- **WHAT IS EXPECTED**:
Every line containing the string "shows" is to be copied from the records.

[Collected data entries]
= = = = =

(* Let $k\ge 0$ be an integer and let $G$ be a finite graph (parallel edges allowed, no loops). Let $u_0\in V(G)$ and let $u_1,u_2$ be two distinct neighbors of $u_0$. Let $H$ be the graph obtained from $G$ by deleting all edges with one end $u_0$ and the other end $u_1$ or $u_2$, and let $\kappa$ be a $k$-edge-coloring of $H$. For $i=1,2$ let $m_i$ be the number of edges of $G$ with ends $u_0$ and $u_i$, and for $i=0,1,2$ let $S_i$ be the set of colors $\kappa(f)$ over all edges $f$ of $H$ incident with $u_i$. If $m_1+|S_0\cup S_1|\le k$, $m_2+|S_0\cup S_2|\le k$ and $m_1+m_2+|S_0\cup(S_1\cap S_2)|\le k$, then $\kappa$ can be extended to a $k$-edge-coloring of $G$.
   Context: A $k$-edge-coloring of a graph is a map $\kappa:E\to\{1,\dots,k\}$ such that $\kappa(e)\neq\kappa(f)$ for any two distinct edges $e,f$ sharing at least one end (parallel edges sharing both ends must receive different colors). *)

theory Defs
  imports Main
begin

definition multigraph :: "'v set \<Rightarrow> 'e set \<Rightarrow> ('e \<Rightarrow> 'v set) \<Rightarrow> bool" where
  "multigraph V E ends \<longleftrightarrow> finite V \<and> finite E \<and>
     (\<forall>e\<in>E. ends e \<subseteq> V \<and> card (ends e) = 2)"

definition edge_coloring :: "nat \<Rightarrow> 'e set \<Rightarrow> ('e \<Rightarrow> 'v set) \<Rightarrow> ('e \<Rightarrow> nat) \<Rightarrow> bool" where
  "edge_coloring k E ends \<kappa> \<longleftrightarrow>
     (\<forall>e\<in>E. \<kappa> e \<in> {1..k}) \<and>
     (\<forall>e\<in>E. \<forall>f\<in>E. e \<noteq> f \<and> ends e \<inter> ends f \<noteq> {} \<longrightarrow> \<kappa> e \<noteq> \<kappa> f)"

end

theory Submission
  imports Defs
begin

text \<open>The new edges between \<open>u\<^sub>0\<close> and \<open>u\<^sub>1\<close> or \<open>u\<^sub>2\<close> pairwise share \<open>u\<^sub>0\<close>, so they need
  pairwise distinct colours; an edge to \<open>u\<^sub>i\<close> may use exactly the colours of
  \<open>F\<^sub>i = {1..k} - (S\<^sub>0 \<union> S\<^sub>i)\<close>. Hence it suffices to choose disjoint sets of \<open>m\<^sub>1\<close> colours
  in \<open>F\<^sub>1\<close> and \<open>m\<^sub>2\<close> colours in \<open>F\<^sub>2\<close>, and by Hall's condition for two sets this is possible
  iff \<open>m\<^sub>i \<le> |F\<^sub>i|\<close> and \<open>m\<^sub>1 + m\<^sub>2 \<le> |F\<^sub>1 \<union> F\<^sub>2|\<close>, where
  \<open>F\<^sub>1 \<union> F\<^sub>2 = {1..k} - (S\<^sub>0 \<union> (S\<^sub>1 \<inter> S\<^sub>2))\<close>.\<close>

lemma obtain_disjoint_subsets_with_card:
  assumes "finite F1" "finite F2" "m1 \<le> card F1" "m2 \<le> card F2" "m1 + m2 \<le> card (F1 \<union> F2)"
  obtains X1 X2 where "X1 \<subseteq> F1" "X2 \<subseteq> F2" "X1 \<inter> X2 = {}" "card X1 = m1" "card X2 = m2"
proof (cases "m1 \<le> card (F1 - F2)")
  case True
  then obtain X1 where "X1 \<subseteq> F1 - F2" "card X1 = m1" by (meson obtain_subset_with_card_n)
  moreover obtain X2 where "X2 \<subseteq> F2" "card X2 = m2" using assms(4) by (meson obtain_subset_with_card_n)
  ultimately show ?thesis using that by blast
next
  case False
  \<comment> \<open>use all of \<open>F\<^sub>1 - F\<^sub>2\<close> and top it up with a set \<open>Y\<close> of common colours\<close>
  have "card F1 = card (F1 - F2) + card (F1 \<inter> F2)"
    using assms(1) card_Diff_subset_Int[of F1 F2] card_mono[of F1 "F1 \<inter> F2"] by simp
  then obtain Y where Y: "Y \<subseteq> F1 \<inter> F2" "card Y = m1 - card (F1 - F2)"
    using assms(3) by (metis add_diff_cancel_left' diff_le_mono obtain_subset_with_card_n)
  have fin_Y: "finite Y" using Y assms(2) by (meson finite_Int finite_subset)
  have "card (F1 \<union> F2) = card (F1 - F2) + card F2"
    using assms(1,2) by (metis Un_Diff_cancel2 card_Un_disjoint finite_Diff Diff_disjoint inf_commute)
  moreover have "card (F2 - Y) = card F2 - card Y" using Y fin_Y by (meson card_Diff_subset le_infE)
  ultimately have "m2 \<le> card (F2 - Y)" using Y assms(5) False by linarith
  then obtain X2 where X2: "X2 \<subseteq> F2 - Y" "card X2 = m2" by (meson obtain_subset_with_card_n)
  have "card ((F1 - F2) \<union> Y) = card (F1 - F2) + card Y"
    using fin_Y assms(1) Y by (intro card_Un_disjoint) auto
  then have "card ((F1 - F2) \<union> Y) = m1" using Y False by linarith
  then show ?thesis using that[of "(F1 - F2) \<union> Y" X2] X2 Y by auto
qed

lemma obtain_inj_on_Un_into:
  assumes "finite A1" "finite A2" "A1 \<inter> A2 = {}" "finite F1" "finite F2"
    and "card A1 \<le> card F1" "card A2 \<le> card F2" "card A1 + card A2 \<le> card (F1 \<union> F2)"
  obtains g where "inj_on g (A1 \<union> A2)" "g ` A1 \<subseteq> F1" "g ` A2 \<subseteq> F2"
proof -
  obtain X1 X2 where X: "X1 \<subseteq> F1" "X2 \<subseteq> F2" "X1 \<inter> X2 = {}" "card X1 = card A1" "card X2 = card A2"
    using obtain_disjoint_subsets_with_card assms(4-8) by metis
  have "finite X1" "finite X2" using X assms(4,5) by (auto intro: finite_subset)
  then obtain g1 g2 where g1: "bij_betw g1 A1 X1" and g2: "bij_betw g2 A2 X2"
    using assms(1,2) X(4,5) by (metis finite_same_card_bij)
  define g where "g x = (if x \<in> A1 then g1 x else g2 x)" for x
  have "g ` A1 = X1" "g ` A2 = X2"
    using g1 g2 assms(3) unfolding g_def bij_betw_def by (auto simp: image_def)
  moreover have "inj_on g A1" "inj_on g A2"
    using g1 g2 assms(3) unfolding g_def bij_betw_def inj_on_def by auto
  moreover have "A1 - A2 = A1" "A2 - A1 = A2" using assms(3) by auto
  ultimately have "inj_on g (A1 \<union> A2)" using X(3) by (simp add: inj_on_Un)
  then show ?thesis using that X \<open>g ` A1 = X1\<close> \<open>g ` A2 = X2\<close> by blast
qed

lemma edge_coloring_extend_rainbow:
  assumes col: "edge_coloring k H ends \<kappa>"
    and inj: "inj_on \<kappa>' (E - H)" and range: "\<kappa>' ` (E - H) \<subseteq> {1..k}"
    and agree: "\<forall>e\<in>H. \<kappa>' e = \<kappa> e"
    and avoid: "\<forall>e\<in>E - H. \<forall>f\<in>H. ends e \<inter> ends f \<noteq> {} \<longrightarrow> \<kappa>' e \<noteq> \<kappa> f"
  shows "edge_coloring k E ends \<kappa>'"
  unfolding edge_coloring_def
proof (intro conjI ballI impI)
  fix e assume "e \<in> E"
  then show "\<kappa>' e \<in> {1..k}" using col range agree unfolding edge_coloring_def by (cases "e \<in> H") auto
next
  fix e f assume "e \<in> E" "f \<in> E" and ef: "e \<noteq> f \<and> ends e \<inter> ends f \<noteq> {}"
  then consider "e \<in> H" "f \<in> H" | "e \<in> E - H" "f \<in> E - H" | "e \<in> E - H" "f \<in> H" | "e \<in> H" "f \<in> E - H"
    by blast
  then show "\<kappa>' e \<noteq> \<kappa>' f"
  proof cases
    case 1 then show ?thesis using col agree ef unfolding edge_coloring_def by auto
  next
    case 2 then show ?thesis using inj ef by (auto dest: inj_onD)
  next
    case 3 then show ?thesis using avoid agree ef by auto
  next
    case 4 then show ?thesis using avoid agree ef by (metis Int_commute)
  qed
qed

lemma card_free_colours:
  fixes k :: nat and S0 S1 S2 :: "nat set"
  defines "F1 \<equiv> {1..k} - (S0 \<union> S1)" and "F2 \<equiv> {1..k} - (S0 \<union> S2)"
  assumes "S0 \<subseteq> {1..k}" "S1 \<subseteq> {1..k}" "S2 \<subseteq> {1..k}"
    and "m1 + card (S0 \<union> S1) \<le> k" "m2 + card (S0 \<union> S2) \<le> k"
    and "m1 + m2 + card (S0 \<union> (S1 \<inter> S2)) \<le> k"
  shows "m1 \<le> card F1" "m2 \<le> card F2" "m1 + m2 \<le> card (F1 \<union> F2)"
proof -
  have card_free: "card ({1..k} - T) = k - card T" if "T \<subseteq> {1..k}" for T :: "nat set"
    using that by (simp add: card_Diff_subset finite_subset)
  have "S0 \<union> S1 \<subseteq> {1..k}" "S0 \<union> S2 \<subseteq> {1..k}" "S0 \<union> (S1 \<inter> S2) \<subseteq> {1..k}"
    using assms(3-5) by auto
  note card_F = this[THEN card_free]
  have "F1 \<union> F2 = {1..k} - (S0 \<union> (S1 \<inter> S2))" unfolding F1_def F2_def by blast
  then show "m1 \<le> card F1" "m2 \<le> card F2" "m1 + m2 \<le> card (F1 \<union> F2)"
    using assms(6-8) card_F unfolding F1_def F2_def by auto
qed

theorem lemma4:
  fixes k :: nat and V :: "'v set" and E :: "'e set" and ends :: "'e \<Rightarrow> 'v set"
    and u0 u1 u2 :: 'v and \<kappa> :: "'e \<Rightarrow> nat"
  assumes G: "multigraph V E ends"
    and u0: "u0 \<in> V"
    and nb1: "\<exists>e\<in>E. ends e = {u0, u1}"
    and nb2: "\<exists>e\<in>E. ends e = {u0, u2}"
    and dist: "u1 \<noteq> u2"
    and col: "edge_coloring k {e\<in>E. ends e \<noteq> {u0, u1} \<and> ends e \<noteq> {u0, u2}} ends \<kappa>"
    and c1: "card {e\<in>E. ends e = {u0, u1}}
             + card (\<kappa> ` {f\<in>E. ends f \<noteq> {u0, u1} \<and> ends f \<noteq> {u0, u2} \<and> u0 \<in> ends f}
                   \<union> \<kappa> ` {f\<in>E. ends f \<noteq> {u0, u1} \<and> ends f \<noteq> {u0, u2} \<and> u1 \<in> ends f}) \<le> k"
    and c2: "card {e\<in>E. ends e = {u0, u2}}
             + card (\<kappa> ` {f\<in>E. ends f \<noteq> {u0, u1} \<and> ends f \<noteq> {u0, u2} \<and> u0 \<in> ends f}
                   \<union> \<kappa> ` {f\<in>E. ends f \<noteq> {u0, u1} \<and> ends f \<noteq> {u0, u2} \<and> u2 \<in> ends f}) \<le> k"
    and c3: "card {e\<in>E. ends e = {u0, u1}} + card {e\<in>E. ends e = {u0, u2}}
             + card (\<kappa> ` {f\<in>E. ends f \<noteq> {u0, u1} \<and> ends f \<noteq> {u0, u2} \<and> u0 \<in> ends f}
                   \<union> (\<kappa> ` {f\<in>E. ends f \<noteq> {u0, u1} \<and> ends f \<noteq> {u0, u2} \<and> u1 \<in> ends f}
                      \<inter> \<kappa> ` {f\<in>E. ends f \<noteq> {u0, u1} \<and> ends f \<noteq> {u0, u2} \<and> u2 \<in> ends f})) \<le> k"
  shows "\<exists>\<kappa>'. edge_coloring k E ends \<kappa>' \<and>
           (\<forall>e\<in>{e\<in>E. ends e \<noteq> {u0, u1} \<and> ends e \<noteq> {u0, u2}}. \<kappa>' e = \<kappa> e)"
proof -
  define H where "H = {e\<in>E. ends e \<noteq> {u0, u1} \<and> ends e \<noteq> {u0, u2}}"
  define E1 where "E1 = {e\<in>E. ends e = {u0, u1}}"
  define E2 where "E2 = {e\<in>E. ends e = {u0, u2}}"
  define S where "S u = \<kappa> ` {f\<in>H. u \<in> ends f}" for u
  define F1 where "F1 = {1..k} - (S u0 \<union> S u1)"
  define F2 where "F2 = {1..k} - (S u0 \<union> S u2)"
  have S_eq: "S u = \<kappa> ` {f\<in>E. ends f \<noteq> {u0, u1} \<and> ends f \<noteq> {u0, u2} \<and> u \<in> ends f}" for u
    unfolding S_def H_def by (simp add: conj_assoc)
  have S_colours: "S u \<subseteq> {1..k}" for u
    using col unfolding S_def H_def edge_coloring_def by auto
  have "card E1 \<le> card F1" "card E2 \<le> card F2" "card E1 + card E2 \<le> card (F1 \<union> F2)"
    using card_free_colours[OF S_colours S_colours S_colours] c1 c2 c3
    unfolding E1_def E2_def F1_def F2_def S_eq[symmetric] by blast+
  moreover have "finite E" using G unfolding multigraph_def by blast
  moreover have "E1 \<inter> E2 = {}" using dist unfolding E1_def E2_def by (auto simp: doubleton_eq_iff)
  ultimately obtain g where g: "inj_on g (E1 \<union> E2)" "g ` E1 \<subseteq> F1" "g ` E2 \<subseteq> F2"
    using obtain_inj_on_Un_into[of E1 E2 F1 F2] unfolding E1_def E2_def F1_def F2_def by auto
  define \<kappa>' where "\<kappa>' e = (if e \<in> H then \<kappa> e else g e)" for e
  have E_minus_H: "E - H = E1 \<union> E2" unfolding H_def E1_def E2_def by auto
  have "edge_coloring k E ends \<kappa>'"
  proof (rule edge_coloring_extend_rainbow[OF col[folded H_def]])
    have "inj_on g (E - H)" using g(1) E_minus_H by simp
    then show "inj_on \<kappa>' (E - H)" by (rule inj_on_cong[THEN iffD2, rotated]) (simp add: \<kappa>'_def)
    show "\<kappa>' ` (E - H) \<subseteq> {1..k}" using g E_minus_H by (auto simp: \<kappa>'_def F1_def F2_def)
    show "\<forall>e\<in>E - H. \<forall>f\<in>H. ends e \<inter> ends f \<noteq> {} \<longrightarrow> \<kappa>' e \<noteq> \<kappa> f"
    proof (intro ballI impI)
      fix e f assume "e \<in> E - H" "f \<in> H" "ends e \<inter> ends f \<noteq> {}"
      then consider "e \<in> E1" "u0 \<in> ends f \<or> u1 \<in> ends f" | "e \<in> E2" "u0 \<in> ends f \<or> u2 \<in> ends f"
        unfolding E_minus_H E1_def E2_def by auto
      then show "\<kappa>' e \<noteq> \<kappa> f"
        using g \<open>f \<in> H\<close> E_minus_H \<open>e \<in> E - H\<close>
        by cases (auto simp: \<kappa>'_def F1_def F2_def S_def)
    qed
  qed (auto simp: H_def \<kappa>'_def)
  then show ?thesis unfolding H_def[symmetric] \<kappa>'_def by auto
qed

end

= = = = =

- **TASK RESULT**:
  shows "edge_coloring k E ends \<kappa>'"
  shows "m1 \<le> card F1" "m2 \<le> card F2" "m1 + m2 \<le> card (F1 \<union> F2)"
  shows "\<exists>\<kappa>'. edge_coloring k E ends \<kappa>' \<and>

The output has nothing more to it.